Required action
Of the lines in the data below, write out exactly those from the one holding "by (rule word_len_le) (use u in" through the one holding "using word_len_uminus_le[OF assms, of", both included.

Records from a collection
text \<open>Pointed perturbed diamond (D_n(x''), x''), the point x'' being viewed in the
  horocompactification via its horofunction.\<close>
definition pdiam :: "'a::group_add set \<Rightarrow> 'b::group_add set \<Rightarrow> (nat \<Rightarrow> nat) \<Rightarrow> (nat \<Rightarrow> nat)
    \<Rightarrow> nat \<Rightarrow> ('a \<times> 'b) \<Rightarrow> ('a, 'b) pset" where
  "pdiam S S' f r n x = (diamond S S' f r n x, horo_fun (rho S S') (0, 0) x)"

definition A_set :: "'a::group_add set \<Rightarrow> 'b::group_add set \<Rightarrow> (nat \<Rightarrow> nat) \<Rightarrow> (nat \<Rightarrow> nat)
    \<Rightarrow> nat \<Rightarrow> real \<Rightarrow> ('a, 'b) pset set" where
  "A_set S S' f r n T = {pdiam S S' f r n x | x.
      (real (word_dist S 0 (fst x)) < real (r n) + T \<and> real (word_dist S' 0 (snd x)) < T) \<or>
      (real (word_dist S' 0 (snd x)) < real (f (r n)) + T \<and> real (word_dist S 0 (fst x)) < T)}"

definition horoball_II :: "'a::group_add set \<Rightarrow> 'b::group_add set \<Rightarrow> (nat \<Rightarrow> nat) \<Rightarrow> (nat \<Rightarrow> nat)
    \<Rightarrow> ('a, 'b) pset \<Rightarrow> bool" where
  "horoball_II S S' f r \<xi> \<longleftrightarrow>
     (\<xi> \<in> Cspace S S' \<and>
      (\<exists>nk :: nat \<Rightarrow> nat. \<exists>xk :: nat \<Rightarrow> 'a \<times> 'b.
          filterlim nk at_top sequentially \<and>
          filterlim (\<lambda>k. word_dist S (fst (xk k)) 0) at_top sequentially \<and>
          filterlim (\<lambda>k. word_dist S' (snd (xk k)) 0) at_top sequentially \<and>
          ((\<lambda>k. pdiam S S' f r (nk k) (xk k)) \<longlonglongrightarrow> \<xi>)))
   \<or> (\<exists>\<theta> \<theta>'. \<theta> \<in> bdry S \<and> \<theta>' \<in> bdry S' \<and>
          \<xi> = ((\<lambda>_. True), (\<lambda>y. \<theta> (fst y) + \<theta>' (snd y) / cexp S S')))"

text \<open>A discrete multiset in C(G'') is given by its multiplicity function mu,
  supported in C(G''), such that each y lies in B for only finitely many elements.\<close>
definition disc_sets :: "'a::group_add set \<Rightarrow> 'b::group_add set \<Rightarrow> (('a, 'b) pset \<Rightarrow> nat) set" where
  "disc_sets S S' = {\<mu>. (\<forall>\<xi>. \<mu> \<xi> \<noteq> 0 \<longrightarrow> \<xi> \<in> Cspace S S') \<and>
                       (\<forall>y. finite {\<xi>. \<mu> \<xi> \<noteq> 0 \<and> fst \<xi> y})}"

definition Cc_funs :: "'a::group_add set \<Rightarrow> 'b::group_add set \<Rightarrow> (('a, 'b) pset \<Rightarrow> real) set" where
  "Cc_funs S S' = {g. continuous_map (Ctop S S') euclideanreal g \<and>
      (\<exists>K. compactin (Ctop S S') K \<and> (\<forall>\<xi>\<in>Cspace S S' - K. g \<xi> = 0))}"

definition cm_integral :: "('c \<Rightarrow> real) \<Rightarrow> ('c \<Rightarrow> nat) \<Rightarrow> real" where
  "cm_integral g \<mu> = (\<Sum>\<xi>\<in>{\<xi>. \<mu> \<xi> \<noteq> 0 \<and> g \<xi> \<noteq> 0}. real (\<mu> \<xi>) * g \<xi>)"

definition vague_top :: "'a::group_add set \<Rightarrow> 'b::group_add set \<Rightarrow> (('a, 'b) pset \<Rightarrow> nat) topology" where
  "vague_top S S' = subtopology
     (topology_generated_by {{\<mu>. cm_integral g \<mu> \<in> U} | g U. g \<in> Cc_funs S S' \<and> open U})
     (disc_sets S S')"

definition borel_of :: "'c topology \<Rightarrow> 'c measure" where
  "borel_of X = sigma (topspace X) {U. openin X U}"

definition weak_conv_top :: "'c topology \<Rightarrow> (nat \<Rightarrow> 'c measure) \<Rightarrow> 'c measure \<Rightarrow> bool" where
  "weak_conv_top X P Q \<longleftrightarrow>
     (\<forall>F. continuous_map X euclideanreal F \<and> bounded (F ` topspace X) \<longrightarrow>
          (\<lambda>k. integral\<^sup>L (P k) F) \<longlonglongrightarrow> integral\<^sup>L Q F)"

end

theory Submission
  imports Defs
begin

text \<open>Cylinder bumps -- continuous, compactly supported functions on C(G'') that test
  membership of finitely many points and the horofunction at those points up to a rational
  tolerance -- form a countable family whose positivity sets are neighbourhood bases. If
  \<xi> is not a perturbed pointed horoball of type II, a diagonal argument yields such a
  bump g, positive at \<xi>, which for large n is positive at a pointed diamond only when
  one coordinate of its centre is bounded, i.e. only on A_set n T. Hence the integral of
  min 1 (cm_integral g \<mu>) under the n-th law is at most the probability that C_n meets
  A_set n T, which tends to 0; weak convergence makes cm_integral g \<mu> vanish almost surely
  in the limit, so \<xi> is almost surely not an atom. Countably many bumps cover all such \<xi>.\<close>

section \<open>Word metrics\<close>

lemma word_len_witness:
  assumes "fin_generating S"
  obtains ws where "length ws = word_len S g" "set ws \<subseteq> S \<union> uminus ` S" "sum_list ws = g"
proof -
  from assms obtain ws where "set ws \<subseteq> S \<union> uminus ` S \<and> sum_list ws = g"
    unfolding fin_generating_def by blast
  then have "\<exists>n ws. length ws = n \<and> set ws \<subseteq> S \<union> uminus ` S \<and> sum_list ws = g" by blast
  then have "\<exists>ws. length ws = word_len S g \<and> set ws \<subseteq> S \<union> uminus ` S \<and> sum_list ws = g"
    unfolding word_len_def by (rule LeastI_ex)
  then show thesis using that by blast
qed

lemma word_len_le:
  assumes "set ws \<subseteq> S \<union> uminus ` S" "sum_list ws = g"
  shows "word_len S g \<le> length ws"
  unfolding word_len_def using assms by (intro Least_le) blast

lemma word_len_add_le:
  assumes "fin_generating S"
  shows "word_len S (a + b) \<le> word_len S a + word_len S b"
proof -
  obtain u where u: "length u = word_len S a" "set u \<subseteq> S \<union> uminus ` S" "sum_list u = a"
    using word_len_witness[OF assms] .
  obtain v where v: "length v = word_len S b" "set v \<subseteq> S \<union> uminus ` S" "sum_list v = b"
    using word_len_witness[OF assms] .
  have "word_len S (a + b) \<le> length (u @ v)"
    by (rule word_len_le) (use u v in auto)
  then show ?thesis using u v by simp
qed

lemma sum_list_map_uminus_rev:
  fixes ws :: "'a::group_add list"
  shows "sum_list (map uminus (rev ws)) = - sum_list ws"
  by (induction ws) (auto simp: minus_add)

lemma word_len_uminus_le:
  assumes "fin_generating S"
  shows "word_len S (- a) \<le> word_len S a"
proof -
  obtain u where u: "length u = word_len S a" "set u \<subseteq> S \<union> uminus ` S" "sum_list u = a"
    using word_len_witness[OF assms] .
  have "word_len S (- a) \<le> length (map uminus (rev u))"
    by (rule word_len_le) (use u in \<open>auto simp: sum_list_map_uminus_rev\<close>)
  then show ?thesis using u by simp
qed

lemma word_len_uminus:
  assumes "fin_generating S"
  shows "word_len S (- a) = word_len S a"
  using word_len_uminus_le[OF assms, of a] word_len_uminus_le[OF assms, of "- a"] by simp

lemma word_dist_self: "word_dist S x x = 0"
  using word_len_le[of "[]" S 0] unfolding word_dist_def by simp

lemma word_dist_triangle:
  assumes "fin_generating S"
  shows "word_dist S x z \<le> word_dist S x y + word_dist S y z"
proof -
  have "- x + z = (- x + y) + (- y + z)" by (simp add: add.assoc)
  then show ?thesis
    unfolding word_dist_def using word_len_add_le[OF assms, of "- x + y" "- y + z"] by simp
qed

lemma word_dist_commute:
  assumes "fin_generating S"
  shows "word_dist S x y = word_dist S y x"
proof -
  have "- (- x + y) = - y + x" by (simp add: minus_add)
  then show ?thesis unfolding word_dist_def using word_len_uminus[OF assms, of "- x + y"] by simp
qed

lemma word_dist_diff_le:
  assumes "fin_generating S"
  shows "\<bar>real (word_dist S x z) - real (word_dist S x y)\<bar> \<le> real (word_dist S y z)"
  using word_dist_triangle[OF assms, of x z y] word_dist_triangle[OF assms, of x y z]
    word_dist_commute[OF assms, of z y] by linarith

lemma countable_UNIV_fin_generating:
  fixes S :: "'a::group_add set"
  assumes "fin_generating S"
  shows "countable (UNIV :: 'a set)"
proof -
  have "(UNIV :: 'a set) = sum_list ` lists (S \<union> uminus ` S)"
    using assms unfolding fin_generating_def by (auto simp: image_iff lists_eq_set) (metis eq_commute)
  moreover have "countable (lists (S \<union> uminus ` S))"
    using assms unfolding fin_generating_def by (intro countable_lists countable_finite) auto
  ultimately show ?thesis by (metis countable_image)
qed

lemma countable_UNIV_prod_fin_generating:
  fixes S :: "'a::group_add set" and S' :: "'b::group_add set"
  assumes "fin_generating S" "fin_generating S'"
  shows "countable (UNIV :: ('a \<times> 'b) set)"
proof -
  have "countable (UNIV \<times> UNIV :: ('a \<times> 'b) set)"
    using assms by (intro countable_SIGMA countable_UNIV_fin_generating)
  then show ?thesis by simp
qed

lemma surj_from_nat_into_UNIV:
  fixes S :: "'a::group_add set" and S' :: "'b::group_add set"
  assumes "fin_generating S" "fin_generating S'"
  shows "surj (from_nat_into (UNIV :: ('a \<times> 'b) set))"
  using countable_UNIV_prod_fin_generating[OF assms] by (simp add: range_from_nat_into)
text \<open>The principal ultrafilter at z (this is the embedding of Z into beta Z).\<close>
definition principal_uf :: "'a set \<Rightarrow> 'a \<Rightarrow> 'a set set" where
  "principal_uf Z z = {A. A \<subseteq> Z \<and> z \<in> A}"

text \<open>Stone-Cech compactification of the discrete space Z: the space of all
  ultrafilters on Z with the Stone topology, whose basic open sets are
  {U. A \<in> U} for A \<subseteq> Z.\<close>
definition beta_discrete :: "'a set \<Rightarrow> 'a set set topology" where
  "beta_discrete Z =
     topology_generated_by
       ((\<lambda>A. {U. is_ultrafilter_on Z U \<and> A \<in> U}) ` Pow Z)"

definition beta_remainder :: "'a set \<Rightarrow> 'a set set topology" where
  "beta_remainder Z =
     subtopology (beta_discrete Z) (topspace (beta_discrete Z) - principal_uf Z ` Z)"

end

theory Submission
  imports Defs
begin

(* Inject bool list \<times> nat into Z by e. The sets E_k = {e (xs, t) | xs ! k} form an independent
   family, so q \<mapsto> (E_k \<in> q)_k maps the remainder onto the Cantor space, and every fibre is
   nonempty. The map is closed: if a fibre lies in an open set V, so do all fibres over some
   cylinder around it. Let D_n be the preimage of the finitely supported sequences with a 1 at or
   beyond n; the D_n decrease to the empty set. If open sets V_n contain the D_n, then every
   cylinder has a subcylinder whose fibres lie in V_n, so by the Baire property of the Cantor space
   some fibre lies in all V_n, and their intersection is not empty. *)

definition fip_on :: "'a set \<Rightarrow> 'a set set \<Rightarrow> bool" where
  "fip_on Z M \<longleftrightarrow> M \<subseteq> Pow Z \<and> (\<forall>G. finite G \<and> G \<subseteq> M \<longrightarrow> Z \<inter> \<Inter>G \<noteq> {})"

lemma fip_on_Union_chain:
  assumes "C \<noteq> {}" "subset.chain UNIV C" "\<And>M. M \<in> C \<Longrightarrow> fip_on Z M"
  shows "fip_on Z (\<Union>C)"
  unfolding fip_on_def
proof (intro conjI allI impI)
  show "\<Union>C \<subseteq> Pow Z" using assms(3) by (auto simp: fip_on_def)
  fix G assume G: "finite G \<and> G \<subseteq> \<Union>C"
  then obtain M where "M \<in> C" "G \<subseteq> M"
    using finite_subset_Union_chain[OF _ _ assms(1,2)] by blast
  then show "Z \<inter> \<Inter>G \<noteq> {}" using assms(3) G by (auto simp: fip_on_def)
qed

lemma maximal_fip_on_exists:
  assumes "fip_on Z M0"
  obtains M where "M0 \<subseteq> M" "fip_on Z M" "\<forall>X. fip_on Z X \<and> M \<subseteq> X \<longrightarrow> X = M"
proof -
  let ?A = "{M. M0 \<subseteq> M \<and> fip_on Z M}"
  have "\<forall>C\<in>chains ?A. \<exists>U\<in>?A. \<forall>X\<in>C. X \<subseteq> U"
  proof
    fix C assume C: "C \<in> chains ?A"
    show "\<exists>U\<in>?A. \<forall>X\<in>C. X \<subseteq> U"
    proof (cases "C = {}")
      case True
      then show ?thesis using assms by auto
    next
      case False
      have "fip_on Z (\<Union>C)"
        using C False by (intro fip_on_Union_chain) (auto simp: chains_def chain_subset_alt_def)
      moreover have "M0 \<subseteq> \<Union>C" using False C by (auto simp: chains_def)
      ultimately show ?thesis by blast
    qed
  qed
  then obtain M where "M \<in> ?A" and "\<forall>X\<in>?A. M \<subseteq> X \<longrightarrow> X = M"
    by (rule Zorn_Lemma2[THEN bexE])
  then have "M0 \<subseteq> M" "fip_on Z M" "\<forall>X. fip_on Z X \<and> M \<subseteq> X \<longrightarrow> X = M"
    by auto
  then show ?thesis by (rule that)
qed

Task solution
    by (rule word_len_le) (use u in \<open>auto simp: sum_list_map_uminus_rev\<close>)
  then show ?thesis using u by simp
qed

lemma word_len_uminus:
  assumes "fin_generating S"
  shows "word_len S (- a) = word_len S a"
  using word_len_uminus_le[OF assms, of a] word_len_uminus_le[OF assms, of "- a"] by simp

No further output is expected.